> **INSTRUCTIONS FOR THE TASK**
Only some lines are wanted. Transcribe, exactly, the lines below from the line with "using v by simp" up to and including the line with "using p v l".

- - - - -

definition C2_on :: "real \<Rightarrow> real \<Rightarrow> (real \<Rightarrow> real) \<Rightarrow> bool" where
  "C2_on a b f \<longleftrightarrow> (\<exists>f' f''. continuous_on {a..b} f'' \<and>
      (\<forall>t\<in>{a..b}. (f has_real_derivative f' t) (at t within {a..b})) \<and>
      (\<forall>t\<in>{a..b}. (f' has_real_derivative f'' t) (at t within {a..b})))"

definition conv_in_prob :: "'a measure \<Rightarrow> (nat \<Rightarrow> 'a \<Rightarrow> real) \<Rightarrow> ('a \<Rightarrow> real) \<Rightarrow> bool" where
  "conv_in_prob M Z L \<longleftrightarrow>
     (\<forall>e>0. (\<lambda>n. measure M {\<omega>\<in>space M. e < \<bar>Z n \<omega> - L \<omega>\<bar>}) \<longlonglongrightarrow> 0)"

end

theory Submission
  imports Defs
begin

text \<open>Along the uniform partition of mesh h = (b - a)/n a C^1 path Y has increments O(h).
For p > 1 the elementary estimate ||u + v|^p - |u|^p| <= p |v| (|u| + |v|)^(p-1), together with
y^(p-1) <= l^(p-1) + y^p / l at the scale l = n^(-1/p), shows that the p-variation sums of X + Y and
of X differ by O(n^(1/p - 1) (1 + V_n^p(X))). Hence the two sums have the same limit, almost surely
or in probability, and their difference is negligible after multiplication by n^alpha whenever
alpha + 1/p < 1; a Slutsky argument then transfers the Gaussian limit. For p = 2 and C^2 paths,
summation by parts against the second differences of Y, which are O(h^2), improves the error to
O(1/n), which is negligible at the scale n^(1/2).\<close>

lemma powr_diff_le_mean_value:
  fixes x y p :: real
  assumes x: "0 \<le> x" and xy: "x \<le> y" and p: "p \<ge> 1"
  shows "y powr p - x powr p \<le> p * (y - x) * y powr (p - 1)"
proof (cases "x = y")
  case False
  then have lt: "x < y" using xy by simp
  have "continuous_on {x..y} (\<lambda>t. t powr p)"
    using x p by (intro continuous_on_powr') (auto intro: continuous_intros)
  moreover have "(\<lambda>t. t powr p) differentiable (at t)" if "x < t" for t
    using has_real_derivative_powr[of t p] that x real_differentiable_def by force
  ultimately obtain l z where z: "x < z" "z < y" and dz: "DERIV (\<lambda>t. t powr p) z :> l"
    and eq: "y powr p - x powr p = (y - x) * l"
    using MVT[OF lt] by blast
  have "l = p * z powr (p - 1)"
    using DERIV_unique[OF dz has_real_derivative_powr[of z p]] z x by simp
  moreover have "z powr (p - 1) \<le> y powr (p - 1)"
    using z x p by (intro powr_mono2) auto
  ultimately show ?thesis
    using eq lt p by (simp add: mult_left_mono mult.assoc)
qed simp

lemma abs_powr_diff_le:
  fixes x y p :: real
  assumes "0 \<le> x" "0 \<le> y" "p \<ge> 1" "max x y \<le> c"
  shows "\<bar>y powr p - x powr p\<bar> \<le> p * \<bar>y - x\<bar> * c powr (p - 1)"
proof -
  have "\<bar>y powr p - x powr p\<bar> \<le> p * \<bar>y - x\<bar> * max x y powr (p - 1)"
  proof (cases "x \<le> y")
    case True
    then show ?thesis
      using powr_diff_le_mean_value[of x y p] assms powr_mono2[of p x y] by (simp add: max_def)
  next
    case False
    then show ?thesis
      using powr_diff_le_mean_value[of y x p] assms powr_mono2[of p y x] by (simp add: max_def)
  qed
  also have "\<dots> \<le> p * \<bar>y - x\<bar> * c powr (p - 1)"
    using assms by (intro mult_left_mono powr_mono2) auto
  finally show ?thesis .
qed

lemma powr_minus_one_le:
  fixes c p l :: real
  assumes "0 \<le> c" "p \<ge> 1" "l > 0"
  shows "c powr (p - 1) \<le> l powr (p - 1) + c powr p / l"
proof (cases "c \<le> l")
  case True
  then show ?thesis
    using assms powr_mono2[of "p - 1" c l] by (simp add: add_increasing2)
next
  case False
  then have "c powr (p - 1) * l \<le> c powr (p - 1) * c"
    using assms by (intro mult_left_mono) auto
  also have "\<dots> = c powr p"
    using False assms powr_add[of c "p - 1" 1] by simp
  finally show ?thesis
    using assms by (simp add: le_divide_eq add_increasing)
qed

lemma powr_add_le:
  fixes x y p :: real
  assumes "0 \<le> x" "0 \<le> y" "p \<ge> 0"
  shows "(x + y) powr p \<le> 2 powr p * (x powr p + y powr p)"
proof -
  have "(x + y) powr p \<le> (2 * max x y) powr p"
    using assms by (intro powr_mono2) auto
  also have "\<dots> = 2 powr p * max x y powr p"
    using assms by (simp add: powr_mult)
  also have "\<dots> \<le> 2 powr p * (x powr p + y powr p)"
    by (intro mult_left_mono) (auto simp: max_def)
  finally show ?thesis .
qed

lemma abs_powr_perturb_le:
  fixes u v d p l :: real
  assumes p: "p > 1" and v: "\<bar>v\<bar> \<le> d" and l: "l > 0"
  shows "\<bar>\<bar>u + v\<bar> powr p - \<bar>u\<bar> powr p\<bar>
    \<le> p * d * (l powr (p - 1) + 2 powr p * (\<bar>u\<bar> powr p + d powr p) / l)"
proof -
  have d: "0 \<le> d" using v by simp
  have "\<bar>\<bar>u + v\<bar> powr p - \<bar>u\<bar> powr p\<bar> \<le> p * \<bar>\<bar>u + v\<bar> - \<bar>u\<bar>\<bar> * (\<bar>u\<bar> + d) powr (p - 1)"
    using p v by (intro abs_powr_diff_le) auto
  also have "\<dots> \<le> p * d * (\<bar>u\<bar> + d) powr (p - 1)"
    using p v by (intro mult_right_mono mult_left_mono) auto
  also have "\<dots> \<le> p * d * (l powr (p - 1) + (\<bar>u\<bar> + d) powr p / l)"
    using p d l by (intro mult_left_mono powr_minus_one_le) auto
  also have "\<dots> \<le> p * d * (l powr (p - 1) + 2 powr p * (\<bar>u\<bar> powr p + d powr p) / l)"
    using p d l by (intro mult_left_mono add_left_mono divide_right_mono powr_add_le) auto
  finally show ?thesis .
qed

lemma sum_abs_powr_perturb_le:
  fixes u v :: "'i \<Rightarrow> real"
  assumes p: "p > 1" and v: "\<And>j. j \<in> A \<Longrightarrow> \<bar>v j\<bar> \<le> d" and l: "l > 0"
  shows "\<bar>(\<Sum>j\<in>A. \<bar>u j + v j\<bar> powr p) - (\<Sum>j\<in>A. \<bar>u j\<bar> powr p)\<bar>
    \<le> p * d * (card A * l powr (p - 1) + 2 powr p * ((\<Sum>j\<in>A. \<bar>u j\<bar> powr p) + card A * d powr p) / l)"
proof -
  have "\<bar>(\<Sum>j\<in>A. \<bar>u j + v j\<bar> powr p) - (\<Sum>j\<in>A. \<bar>u j\<bar> powr p)\<bar>
      \<le> (\<Sum>j\<in>A. \<bar>\<bar>u j + v j\<bar> powr p - \<bar>u j\<bar> powr p\<bar>)"
    by (simp only: sum_subtractf[symmetric] sum_abs)
  also have "\<dots> \<le> (\<Sum>j\<in>A. p * d * (l powr (p - 1) + 2 powr p * (\<bar>u j\<bar> powr p + d powr p) / l))"
    using p v l by (intro sum_mono abs_powr_perturb_le) auto
  also have "\<dots> = p * d * (card A * l powr (p - 1) + 2 powr p * ((\<Sum>j\<in>A. \<bar>u j\<bar> powr p) + card A * d powr p) / l)"
    by (simp add: sum.distrib sum_distrib_left ring_distribs add_divide_distrib flip: sum_divide_distrib)
  finally show ?thesis .
qed

lemma pvar_n_nonneg: "0 \<le> pvar_n p Z a b n"
  unfolding pvar_n_def by (intro sum_nonneg) simp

- - - - -

> **WRITTEN RESPONSE**
  have d: "0 \<le> d" using v by simp
  have "\<bar>\<bar>u + v\<bar> powr p - \<bar>u\<bar> powr p\<bar> \<le> p * \<bar>\<bar>u + v\<bar> - \<bar>u\<bar>\<bar> * (\<bar>u\<bar> + d) powr (p - 1)"
    using p v by (intro abs_powr_diff_le) auto
  also have "\<dots> \<le> p * d * (\<bar>u\<bar> + d) powr (p - 1)"
    using p v by (intro mult_right_mono mult_left_mono) auto
  also have "\<dots> \<le> p * d * (l powr (p - 1) + (\<bar>u\<bar> + d) powr p / l)"
    using p d l by (intro mult_left_mono powr_minus_one_le) auto
  also have "\<dots> \<le> p * d * (l powr (p - 1) + 2 powr p * (\<bar>u\<bar> powr p + d powr p) / l)"
    using p d l by (intro mult_left_mono add_left_mono divide_right_mono powr_add_le) auto
  finally show ?thesis .
qed

lemma sum_abs_powr_perturb_le:
  fixes u v :: "'i \<Rightarrow> real"
  assumes p: "p > 1" and v: "\<And>j. j \<in> A \<Longrightarrow> \<bar>v j\<bar> \<le> d" and l: "l > 0"
  shows "\<bar>(\<Sum>j\<in>A. \<bar>u j + v j\<bar> powr p) - (\<Sum>j\<in>A. \<bar>u j\<bar> powr p)\<bar>
    \<le> p * d * (card A * l powr (p - 1) + 2 powr p * ((\<Sum>j\<in>A. \<bar>u j\<bar> powr p) + card A * d powr p) / l)"
proof -
  have "\<bar>(\<Sum>j\<in>A. \<bar>u j + v j\<bar> powr p) - (\<Sum>j\<in>A. \<bar>u j\<bar> powr p)\<bar>
      \<le> (\<Sum>j\<in>A. \<bar>\<bar>u j + v j\<bar> powr p - \<bar>u j\<bar> powr p\<bar>)"
    by (simp only: sum_subtractf[symmetric] sum_abs)
  also have "\<dots> \<le> (\<Sum>j\<in>A. p * d * (l powr (p - 1) + 2 powr p * (\<bar>u j\<bar> powr p + d powr p) / l))"
    using p v l by (intro sum_mono abs_powr_perturb_le) auto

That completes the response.